§ **To do**: On how many lines of the data below does the word "rule" appear? Reply with the number only.

# # # #

lemma subgroup_orbit_stabilizer: "subgroup (orbit_stabilizer p) (iso_group J)"
proof (rule group.subgroupI[OF group_iso])
  show "orbit_stabilizer p \<subseteq> carrier (iso_group J)" using subgroup.subset[OF subgroup_U] by blast
  have "\<one>\<^bsub>iso_group J\<^esub> \<in> orbit_stabilizer p"
    by (rule mem_orbit_stabilizer_iff[OF subgroup.one_closed[OF subgroup_U] mem_orbit_self, THEN iffD2])
      (simp only: aff_act_one mem_orbit_self)
  then show "orbit_stabilizer p \<noteq> {}" by blast
next
  fix a b assume a: "a \<in> orbit_stabilizer p" and b: "b \<in> orbit_stabilizer p"
  have "aff_act a (aff_act b p) \<in> orbit p"
    using aff_act_orbit_stabilizer[OF a aff_act_orbit_stabilizer[OF b mem_orbit_self]] .
  then have "aff_act (a \<otimes>\<^bsub>iso_group J\<^esub> b) p \<in> orbit p" by (simp only: aff_act_mult)
  moreover have "a \<otimes>\<^bsub>iso_group J\<^esub> b \<in> U"
    using a b subgroup.m_closed[OF subgroup_U] by blast
  ultimately show "a \<otimes>\<^bsub>iso_group J\<^esub> b \<in> orbit_stabilizer p"
    using mem_orbit_stabilizer_iff[OF _ mem_orbit_self] by blast
qed (rule inv_mem_orbit_stabilizer)

lemma transitive_orbit_stabilizer:
  assumes "acts_transitively_on U UNIV"
  shows "acts_transitively_on (orbit_stabilizer p) (orbit p)"
  unfolding acts_transitively_on_def
proof (intro ballI)
  fix x y assume xy: "x \<in> orbit p" "y \<in> orbit p"
  obtain u where u: "u \<in> U" "aff_act u x = y"
    using assms unfolding acts_transitively_on_def by blast
  then have "u \<in> orbit_stabilizer p" using mem_orbit_stabilizer_iff[OF u(1) xy(1)] xy(2) by blast
  then show "\<exists>u\<in>orbit_stabilizer p. aff_act u x = y" using u(2) by blast
qed

lemma subgroup_point_stabilizer: "subgroup (point_stabilizer p) (iso_group J)"
proof (rule group.subgroupI[OF group_iso])
  show "point_stabilizer p \<subseteq> carrier (iso_group J)" using subgroup.subset[OF subgroup_U] by blast
  have "\<one>\<^bsub>iso_group J\<^esub> \<in> point_stabilizer p"
    using subgroup.one_closed[OF subgroup_U] by (simp add: aff_act_one)
  then show "point_stabilizer p \<noteq> {}" by blast
next
  fix a assume a: "a \<in> point_stabilizer p"
  then have "aff_act (inv\<^bsub>iso_group J\<^esub> a) p = aff_act (inv\<^bsub>iso_group J\<^esub> a) (aff_act a p)" by simp
  also have "\<dots> = p"
    using a subgroup.subset[OF subgroup_U] by (intro aff_act_inv_cancel(1)[OF group_iso]) blast
  finally show "inv\<^bsub>iso_group J\<^esub> a \<in> point_stabilizer p"
    using a subgroup.m_inv_closed[OF subgroup_U] by blast
next
  fix a b assume "a \<in> point_stabilizer p" "b \<in> point_stabilizer p"
  then show "a \<otimes>\<^bsub>iso_group J\<^esub> b \<in> point_stabilizer p"
    using subgroup.m_closed[OF subgroup_U] by (simp add: aff_act_mult)
qed

text \<open>\<open>U_p\<close> fixes the whole orbit \<open>G.p\<close>, which \<open>u \<in> U_{F_p}\<close> preserves, so the conjugate
  \<open>u h u\<inverse>\<close> of \<open>h \<in> U_p\<close> fixes \<open>p = u (u\<inverse> p)\<close>.\<close>

lemma normal_point_stabilizer:
  "point_stabilizer p \<lhd> (iso_group J)\<lparr>carrier := orbit_stabilizer p\<rparr>"
proof -
  let ?K = "(iso_group J)\<lparr>carrier := orbit_stabilizer p\<rparr>"
  have "point_stabilizer p \<subseteq> orbit_stabilizer p"
  proof
    fix u assume "u \<in> point_stabilizer p"
    then have "u \<in> U" "aff_act u p \<in> orbit p" using mem_orbit_self by auto
    then show "u \<in> orbit_stabilizer p" using mem_orbit_stabilizer_iff[OF _ mem_orbit_self] by blast
  qed
  then have "subgroup (point_stabilizer p) ?K"
    using group.subgroup_incl[OF group_iso subgroup_point_stabilizer subgroup_orbit_stabilizer]
    by blast
  moreover have "u \<otimes>\<^bsub>?K\<^esub> h \<otimes>\<^bsub>?K\<^esub> inv\<^bsub>?K\<^esub> u \<in> point_stabilizer p"
    if u: "u \<in> carrier ?K" and h: "h \<in> point_stabilizer p" for u h
  proof -
    let ?v = "inv\<^bsub>iso_group J\<^esub> u"
    have uK: "u \<in> orbit_stabilizer p" using u by simp
    have uU: "u \<in> U" and hU: "h \<in> U" using uK h by blast+
    have inv: "inv\<^bsub>?K\<^esub> u = ?v"
      using group.m_inv_consistent[OF group_iso subgroup_orbit_stabilizer uK] .
    have "aff_act ?v p \<in> orbit p"
      using aff_act_orbit_stabilizer[OF inv_mem_orbit_stabilizer[OF uK] mem_orbit_self] .
    then have "aff_act h (aff_act ?v p) = aff_act ?v p"
      by (rule point_stabilizer_fixes_orbit[OF h])
    moreover have "u \<in> carrier (iso_group J)" using uU subgroup.subset[OF subgroup_U] by blast
    ultimately have "aff_act (u \<otimes>\<^bsub>iso_group J\<^esub> h \<otimes>\<^bsub>iso_group J\<^esub> ?v) p = p"
      by (simp add: aff_act_mult aff_act_inv_cancel(2)[OF group_iso])
    moreover have "u \<otimes>\<^bsub>iso_group J\<^esub> h \<otimes>\<^bsub>iso_group J\<^esub> ?v \<in> U"
      by (intro subgroup.m_closed[OF subgroup_U] subgroup.m_inv_closed[OF subgroup_U] uU hU)
    ultimately show ?thesis using inv by simp
  qed
  ultimately show ?thesis
    using group.normal_inv_iff[OF subgroup.subgroup_is_group[OF subgroup_orbit_stabilizer group_iso]]
    by blast
qed

text \<open>With \<open>h\<close> the polynomial map recovering \<open>g \<in> G\<close> from \<open>g.p\<close>, \<open>U_{F_p}\<close> consists of those
  \<open>u \<in> U\<close> with \<open>h u \<in> G\<close> and \<open>(h u).p = u.p\<close>.\<close>

lemma zariski_closed_orbit_stabilizer:
  assumes "zariski_closed_in (carrier (iso_group J)) G"
    and "zariski_closed_in (carrier (iso_group J)) U"
    and "acts_transitively_on U UNIV"
  shows "zariski_closed_in (carrier (iso_group J)) (orbit_stabilizer p)"
proof -
  let ?X = "carrier (iso_group J)"
  obtain h where h: "poly_map h"
    and recover: "\<And>g u. g \<in> G \<Longrightarrow> aff_act u p = aff_act g p \<Longrightarrow> h u = g"
    using poly_map_recovering_centralizer[OF assms(3), where p = p and J = J] commute by metis
  obtain P where P: "P \<subseteq> poly_fun" "?X = {g. \<forall>f\<in>P. f g = 0}"
    using zariski_closed_carrier_iso_group by blast
  have "orbit_stabilizer p = U \<inter> {u \<in> ?X. h u \<in> G} \<inter> {u \<in> ?X. aff_act (h u) p = aff_act u p}"
    (is "_ = U \<inter> ?S \<inter> ?T")
  proof (intro equalityI subsetI)
    fix u assume u: "u \<in> orbit_stabilizer p"
    then obtain g where "g \<in> G" "aff_act u p = aff_act g p" using mem_orbit_self by blast
    then show "u \<in> U \<inter> ?S \<inter> ?T"
      using u recover subgroup.subset[OF subgroup_U] by auto
  next
    fix u assume u: "u \<in> U \<inter> ?S \<inter> ?T"
    then have "h u \<in> G" "aff_act u p = aff_act (h u) p" by auto
    then have "aff_act u p \<in> orbit p" by blast
    then show "u \<in> orbit_stabilizer p" using u mem_orbit_stabilizer_iff[OF _ mem_orbit_self] by blast
  qed
  moreover have "zariski_closed_in ?X ?T"
    using h by (intro zariski_closed_in_equalizer poly_fun_compose[OF poly_fun_aff_act] poly_fun_aff_act)
  ultimately show ?thesis
    using assms(1,2) zariski_closed_in_preimage[OF P h] by (simp add: zariski_closed_in_Int)
qed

# # # #

§ **Task response**: 5